En approchant ainsi le phénomène de la disparition volontaire, Cédric Orain se préserve de toute forme de sensationnalisme. Sans nier le mystère qui entoure l’évaporation de quelques 2500 personnes par an en France – beaucoup plus au Japon, où se déroule un autre beau spectacle consacré au sujet : Les Évaporés de Delphine Hecquet, présenté en fin de saison au Théâtre de la Tempête à Paris –, il refuse de se laisser fasciner par lui. Et ce refus, cette résistance, contribuent beaucoup à la force du spectacle. D’autant plus qu’il est, lui aussi, exprimé avec retenue. En toute humilité. Cédric Orain, en effet, s’efface entièrement derrière le quasi-monologue troué de silences de sa protagoniste imaginée à partir d’une histoire réelle : la disparition d’un jeune homme, dont la famille a fini par faire le deuil. À l’exception de sa mère qui, 40 ans après, espérait toujours le retour de son fils.

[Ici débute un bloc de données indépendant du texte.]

lemma gauss_jordan_dependent:
  fixes v :: "nat \<Rightarrow> 'a::field vec"
  assumes v: "\<And>t. t < Suc d \<Longrightarrow> v t \<in> carrier_vec n"
    and dep: "\<not> lin_indep_family n (Suc d) v"
  shows "\<exists>P Q. P \<in> carrier_mat n n \<and> Q \<in> carrier_mat n n \<and> P * Q = 1\<^sub>m n \<and> Q * P = 1\<^sub>m n \<and>
    (\<forall>t<Suc d. \<forall>i. d \<le> i \<longrightarrow> i < n \<longrightarrow> (P *\<^sub>v v t) $ i = 0)"
proof -
  define G where "G = mat_of_cols n (map v [0..<Suc d])"
  have G: "G \<in> carrier_mat n (Suc d)" unfolding G_def
    by (metis length_map length_upt mat_of_cols_carrier(1) minus_nat.diff_0)
  have colG: "\<And>t. t < Suc d \<Longrightarrow> col G t = v t" unfolding G_def using v by (simp del: upt_Suc)
  obtain c where c: "c \<in> carrier_vec (Suc d)" "G *\<^sub>v c = 0\<^sub>v n" "c \<noteq> 0\<^sub>v (Suc d)"
    using dep lin_indep_family_iff_kernel[of "Suc d" v n, OF v] unfolding G_def by blast
  obtain R where gR: "gauss_jordan_single G = R" by auto
  note gj = gauss_jordan_single[OF G gR]
  obtain P Q where PQ: "R = P * G" "P \<in> carrier_mat n n" "Q \<in> carrier_mat n n" "P * Q = 1\<^sub>m n" "Q * P = 1\<^sub>m n"
    using gj(4) by blast
  have R: "R \<in> carrier_mat n (Suc d)" by (rule gj(2))
  obtain f where piv: "pivot_fun R f (Suc d)" using gj(3) R unfolding row_echelon_form_def by auto
  have "P *\<^sub>v 0\<^sub>v n = 0\<^sub>v n" by (rule eq_vecI) (use PQ(2) in \<open>auto simp: scalar_prod_def\<close>)
  then have Rc: "R *\<^sub>v c = 0\<^sub>v n"
    using PQ(1) assoc_mult_mat_vec[OF PQ(2) G c(1)] c(2) by simp
  have zero: "R $$ (i, t) = 0" if it: "d \<le> i" "i < n" "t < Suc d" for i t
  proof (rule ccontr)
    assume "R $$ (i, t) \<noteq> 0"
    note Rid = pivot_fun_identity_block[OF R piv it this]
    have "c $ s = 0" if s: "s < Suc d" for s
    proof -
      have "(R *\<^sub>v c) $ s = (\<Sum>t'<Suc d. R $$ (s, t') * c $ t')"
        using R c(1) s it by (auto simp: scalar_prod_def atLeast0LessThan)
      also have "\<dots> = (\<Sum>t'<Suc d. if s = t' then c $ t' else 0)"
        by (rule sum.cong[OF refl]) (use Rid[OF s] in auto)
      also have "\<dots> = c $ s" using s by simp
      finally show ?thesis using Rc s it by simp
    qed
    then have "c = 0\<^sub>v (Suc d)" by (intro eq_vecI) (use c(1) in auto)
    with c(3) show False ..
  qed
  have "(P *\<^sub>v v t) $ i = 0" if ti: "t < Suc d" "d \<le> i" "i < n" for t i
  proof -
    have "P *\<^sub>v v t = col R t" using col_mult2[OF PQ(2) G ti(1)] colG[OF ti(1)] PQ(1) by simp
    then show ?thesis using zero[OF ti(2,3,1)] R ti by simp
  qed
  with PQ(2-5) show ?thesis by blast
qed

section \<open>Maps moving every vector along a fixed direction\<close>

text \<open>Besides \<open>\<mu> \<noteq> 1\<close>, this is the only property of a reflection with reflection
  vector \<open>\<gamma>\<close> that the argument uses.\<close>
definition moves_along :: "nat \<Rightarrow> 'a::comm_ring_1 mat \<Rightarrow> 'a vec \<Rightarrow> bool" where
  "moves_along n A \<gamma> \<longleftrightarrow> (\<forall>v\<in>carrier_vec n. \<exists>c. (A - 1\<^sub>m n) *\<^sub>v v = c \<cdot>\<^sub>v \<gamma>)"

lemma mult_unit_vec_index:
  fixes M :: "'a::comm_ring_1 mat"
  assumes "M \<in> carrier_mat n n" "i < n" "j < n"
  shows "(M *\<^sub>v unit_vec n j) $ i = M $$ (i,j)"
proof -
  have "row M i \<bullet> unit_vec n j = (\<Sum>k\<in>{0..<n}. row M i $ k * unit_vec n j $ k)"
    unfolding scalar_prod_def by simp
  also have "\<dots> = (\<Sum>k\<in>{0..<n}. if j = k then M $$ (i,k) else 0)"
    by (rule sum.cong[OF refl]) (use assms in auto)
  also have "\<dots> = M $$ (i,j)" using assms by simp
  finally show ?thesis using assms by simp
qed

lemma minus_one_mult_mat_vec:
  fixes M :: "'a::comm_ring_1 mat"
  assumes "M \<in> carrier_mat n n" "v \<in> carrier_vec n"
  shows "(M - 1\<^sub>m n) *\<^sub>v v = M *\<^sub>v v - v"
  using assms by (simp add: minus_mult_distrib_mat_vec)

lemma conj_mult_mat_vec:
  fixes P A Q :: "'a::comm_ring_1 mat"
  assumes "P \<in> carrier_mat n n" "A \<in> carrier_mat n n" "Q \<in> carrier_mat n n" "v \<in> carrier_vec n"
  shows "P * A * Q *\<^sub>v v = P *\<^sub>v (A *\<^sub>v (Q *\<^sub>v v))"
  using assms by (simp add: assoc_mult_mat_vec[of _ n n _ n])

lemma moves_along_identity_row:
  fixes A :: "'a::comm_ring_1 mat"
  assumes A: "A \<in> carrier_mat n n" and \<gamma>: "\<gamma> \<in> carrier_vec n" and mv: "moves_along n A \<gamma>"
    and i: "i < n" "\<gamma> $ i = 0" and j: "j < n"
  shows "A $$ (i,j) = (if i = j then 1 else 0)"
proof -
  obtain c where c: "(A - 1\<^sub>m n) *\<^sub>v unit_vec n j = c \<cdot>\<^sub>v \<gamma>"
    using mv unfolding moves_along_def by (meson unit_vec_carrier)
  have "((A - 1\<^sub>m n) *\<^sub>v unit_vec n j) $ i = A $$ (i,j) - (if i = j then 1 else 0)"
    unfolding minus_one_mult_mat_vec[OF A unit_vec_carrier] using mult_unit_vec_index[OF A i(1) j] i j by simp
  then show ?thesis using c i \<gamma> by simp
qed

lemma moves_along_entries:
  fixes A :: "'a::comm_ring_1 mat"
  assumes A: "A \<in> carrier_mat n n" and x: "x \<in> carrier_vec n" and mv: "moves_along n A x"
  obtains g where "\<And>i j. i < n \<Longrightarrow> j < n \<Longrightarrow> A $$ (i,j) = (if i = j then 1 else 0) + g j * x $ i"
proof -
  define g where "g j = (SOME c. (A - 1\<^sub>m n) *\<^sub>v unit_vec n j = c \<cdot>\<^sub>v x)" for j
  have g: "(A - 1\<^sub>m n) *\<^sub>v unit_vec n j = g j \<cdot>\<^sub>v x" for j
    unfolding g_def by (rule someI_ex) (use mv in \<open>simp add: moves_along_def\<close>)
  have "A $$ (i,j) = (if i = j then 1 else 0) + g j * x $ i" if ij: "i < n" "j < n" for i j
  proof -
    have "((A - 1\<^sub>m n) *\<^sub>v unit_vec n j) $ i = A $$ (i,j) - (if i = j then 1 else 0)"
      unfolding minus_one_mult_mat_vec[OF A unit_vec_carrier] using mult_unit_vec_index[OF A ij] ij by simp
    then show ?thesis using g[of j] ij x by simp
  qed
  then show thesis by (rule that)
qed

lemma moves_along_conj:
  fixes A P Q :: "'a::field mat"
  assumes A: "A \<in> carrier_mat n n" and P: "P \<in> carrier_mat n n" and Q: "Q \<in> carrier_mat n n"
    and g: "\<gamma> \<in> carrier_vec n" and mv: "moves_along n A \<gamma>" and PQ: "P * Q = 1\<^sub>m n"
  shows "moves_along n (P * A * Q) (P *\<^sub>v \<gamma>)"
  unfolding moves_along_def
proof
  fix v :: "'a vec" assume v: "v \<in> carrier_vec n"
  have Qv: "Q *\<^sub>v v \<in> carrier_vec n" using Q v by simp
  obtain c where c: "(A - 1\<^sub>m n) *\<^sub>v (Q *\<^sub>v v) = c \<cdot>\<^sub>v \<gamma>" using mv Qv unfolding moves_along_def by blast
  have "v = P *\<^sub>v (Q *\<^sub>v v)" using P Q v PQ by (simp add: assoc_mult_mat_vec[symmetric])
  then have "(P * A * Q - 1\<^sub>m n) *\<^sub>v v = P *\<^sub>v (A *\<^sub>v (Q *\<^sub>v v)) - P *\<^sub>v (Q *\<^sub>v v)"
    using minus_one_mult_mat_vec[of "P * A * Q" n v] conj_mult_mat_vec[OF P A Q v] P A Q v by simp
  also have "\<dots> = P *\<^sub>v ((A - 1\<^sub>m n) *\<^sub>v (Q *\<^sub>v v))"
    using P A Qv by (simp add: mult_minus_distrib_mat_vec minus_one_mult_mat_vec)
  also have "\<dots> = c \<cdot>\<^sub>v (P *\<^sub>v \<gamma>)" unfolding c by (rule mult_mat_vec[OF P g])
  finally show "\<exists>c. (P * A * Q - 1\<^sub>m n) *\<^sub>v v = c \<cdot>\<^sub>v (P *\<^sub>v \<gamma>)" by blast
qed

lemma eigenvector_conj:
  fixes A P Q :: "'a::field mat"
  assumes A: "A \<in> carrier_mat n n" and P: "P \<in> carrier_mat n n" and Q: "Q \<in> carrier_mat n n"
    and g: "\<gamma> \<in> carrier_vec n" and eig: "A *\<^sub>v \<gamma> = \<mu> \<cdot>\<^sub>v \<gamma>" and QP: "Q * P = 1\<^sub>m n"
  shows "P * A * Q *\<^sub>v (P *\<^sub>v \<gamma>) = \<mu> \<cdot>\<^sub>v (P *\<^sub>v \<gamma>)"
proof -
  have "Q *\<^sub>v (P *\<^sub>v \<gamma>) = \<gamma>" using P Q g QP by (simp add: assoc_mult_mat_vec[symmetric])
  then show ?thesis
    using conj_mult_mat_vec[OF P A Q, of "P *\<^sub>v \<gamma>"] P g eig by (simp add: mult_mat_vec[OF P g])
qed

text \<open>After a change of basis taking \<open>x\<close> to some \<open>e\<^sub>k\<close>, all rows but the \<open>k\<close>-th are
  identity rows.\<close>
lemma det_moves_along_eigenvector:
  fixes N :: "'a::field mat"
  assumes N: "N \<in> carrier_mat d d" and x: "x \<in> carrier_vec d" "x \<noteq> 0\<^sub>v d"
    and mv: "moves_along d N x" and eig: "N *\<^sub>v x = \<mu> \<cdot>\<^sub>v x"
  shows "det N = \<mu>"
proof -
  obtain P Q and p :: "nat \<Rightarrow> nat"
    where PQ: "P \<in> carrier_mat d d" "Q \<in> carrier_mat d d" "P * Q = 1\<^sub>m d" "Q * P = 1\<^sub>m d"
    and "\<forall>t<1. p t < d \<and> P *\<^sub>v x = unit_vec d (p t)"
    using gauss_jordan_independent[OF lin_indep_family_single[OF x]] by blast
  then have Px: "p 0 < d" "P *\<^sub>v x = unit_vec d (p 0)" by auto
  define k where "k = p 0"
  define N' where "N' = P * N * Q"
  have N': "N' \<in> carrier_mat d d" unfolding N'_def using PQ N by simp
  have k: "k < d" and Px': "P *\<^sub>v x = unit_vec d k" using Px unfolding k_def by auto
  have "det N' = det P * det N * det Q" unfolding N'_def using PQ N by (simp add: det_mult)
  also have "det P * det Q = 1" using det_mult[OF PQ(1) PQ(2)] PQ(3) by simp
  then have "det P * det N * det Q = det N" by (simp add: algebra_simps)
  finally have "det N' = det N" .
  have mv': "moves_along d N' (unit_vec d k)"
    using moves_along_conj[OF N PQ(1) PQ(2) x(1) mv PQ(3)] Px' unfolding N'_def by simp
  have "det N' = N' $$ (k,k)"
    by (rule det_identity_rows_except[OF N' k], rule moves_along_identity_row[OF N' unit_vec_carrier mv'])
       (auto simp: unit_vec_def)
  also have "N' $$ (k,k) = (N' *\<^sub>v unit_vec d k) $ k" using mult_unit_vec_index[OF N' k k] by simp
  also have "N' *\<^sub>v unit_vec d k = \<mu> \<cdot>\<^sub>v unit_vec d k"
    using eigenvector_conj[OF N PQ(1) PQ(2) x(1) eig PQ(4)] Px' unfolding N'_def by simp
  finally show ?thesis using \<open>det N' = det N\<close> k by simp
qed

lemma diagonalizable_square_zero_eq_one:
  fixes A :: "'a::field mat"
  assumes A: "A \<in> carrier_mat n n" and dg: "diagonalizable n A"
    and sq: "\<And>v. v \<in> carrier_vec n \<Longrightarrow> (A - 1\<^sub>m n) *\<^sub>v ((A - 1\<^sub>m n) *\<^sub>v v) = 0\<^sub>v n"
  shows "A = 1\<^sub>m n"
proof -
  obtain D where D: "D \<in> carrier_mat n n" "diagonal_mat D" "similar_mat A D"
    using dg unfolding diagonalizable_def by blast
  obtain S T where ST: "similar_mat_wit A D S T" using D(3) unfolding similar_mat_def by blast
  have S: "S \<in> carrier_mat n n" and T: "T \<in> carrier_mat n n" and STm: "S * T = 1\<^sub>m n" "T * S = 1\<^sub>m n"
    and AST: "A = S * D * T"
    using ST A unfolding similar_mat_wit_def Let_def by auto
  have A1: "A - 1\<^sub>m n \<in> carrier_mat n n" using A by (intro minus_carrier_mat) auto
  have Dd: "D $$ (i,j) = 0" if "i < n" "j < n" "i \<noteq> j" for i j
    using D(1,2) that unfolding diagonal_mat_def by auto
  txt \<open>Each diagonal entry \<open>e\<close> is an eigenvalue of \<open>A\<close>, so \<open>(e - 1)\<^sup>2 = 0\<close>.\<close>
  have Djj: "D $$ (j,j) = 1" if j: "j < n" for j
  proof -
    define e where "e = D $$ (j,j)"
    define v where "v = S *\<^sub>v unit_vec n j"
    have v: "v \<in> carrier_vec n" unfolding v_def using S by simp
    have Dw: "D *\<^sub>v unit_vec n j = e \<cdot>\<^sub>v unit_vec n j"
      by (rule eq_vecI) (use D(1) j Dd mult_unit_vec_index[OF D(1) _ j] in \<open>auto simp: e_def\<close>)
    have "T *\<^sub>v v = unit_vec n j" unfolding v_def using S T STm by (simp add: assoc_mult_mat_vec[symmetric])
    then have "A *\<^sub>v v = e \<cdot>\<^sub>v v"
      unfolding AST v_def using conj_mult_mat_vec[OF S D(1) T v] S Dw by (simp add: v_def mult_mat_vec)
    then have A1v: "(A - 1\<^sub>m n) *\<^sub>v v = (e - 1) \<cdot>\<^sub>v v"
      unfolding minus_one_mult_mat_vec[OF A v] by (intro eq_vecI) (use v in \<open>auto simp: algebra_simps\<close>)
    have z: "(e - 1) \<cdot>\<^sub>v ((e - 1) \<cdot>\<^sub>v v) = 0\<^sub>v n"
      using sq[OF v] unfolding A1v mult_mat_vec[OF A1 v] A1v by simp
    have "v \<noteq> 0\<^sub>v n"
    proof
      assume "v = 0\<^sub>v n"
      then have "unit_vec n j = T *\<^sub>v 0\<^sub>v n" using \<open>T *\<^sub>v v = unit_vec n j\<close> by simp
      also have "\<dots> = 0\<^sub>v n" using T by (auto intro!: eq_vecI simp: scalar_prod_def)
      finally have "unit_vec n j $ j = (0\<^sub>v n :: 'a vec) $ j" by simp
      then show False using j by simp
    qed
    then obtain i where i: "i < n" "v $ i \<noteq> 0" using v by (metis eq_vecI carrier_vecD index_zero_vec)
    have "(e - 1) * ((e - 1) * v $ i) = 0" using arg_cong[OF z, of "\<lambda>y. y $ i"] i v by simp
    then show ?thesis using i(2) unfolding e_def by simp
  qed
  have "D = 1\<^sub>m n" by (rule eq_matI) (use D(1) Djj Dd in auto)
  then show ?thesis unfolding AST using S T STm by simp
qed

Lentement, des souvenirs refont surface. Presque intacts. Vincent, dit par exemple Laure Wolf, « était un adolescent drôle, bon à l’école, il a toujours beaucoup lu, il lisait beaucoup, il écoutait beaucoup de musique, très fort ». « On lui laissait une grande liberté, il avait des résultats scolaires brillants, mais il ne pouvait pas s’empêcher de contester les institutions, la famille, il a lu jeune les grands auteurs français, beaucoup de philosophes, après il a eu sa période plus politique, plus engagée, plus anarchiste… », prononce la comédienne d’une voix de plus en plus décidée. De plus en plus ferme. De ces phrases à l’enquête, à la tentative d’élucidation, il n’y a qu’un pas que Cédric Orain ne franchira pas. En restant au seuil du voyeurisme que suscite souvent le sujet, Disparu ouvre des voies plus subtiles. Il se frotte aux limites du langage. À ses insuffisances, dont on ne sait si elles creusent la souffrance ou si, au contraire, elles en limitent la propagation.
Sculpté par les lumières mouvantes de Pierre Nouvel, qui signe aussi la très sobre scénographie de la pièce, l’espace qui accueille les mots de Laure Wolf entretient cette incertitude. En l’extrayant de toute forme de quotidien, de réel, il lui donne une allure presque mythique. De cette mère d’aujourd’hui, il fait une sorte de Pénélope dont l’attente semble pouvoir être éternelle. Dans sa belle « quête d’une voix qui a été retirée du domaine de la parole donnée », qui l’a mené auparavant sur les traces de Gilles Deleuze et de Valère Novarina, Cédric Orain fait ainsi avec Disparu une avancée majeure. Pleine d’ombres, mais également de lumières. De l’espoir que « ce qu’on ignore ne sera pas totalement inconnu ».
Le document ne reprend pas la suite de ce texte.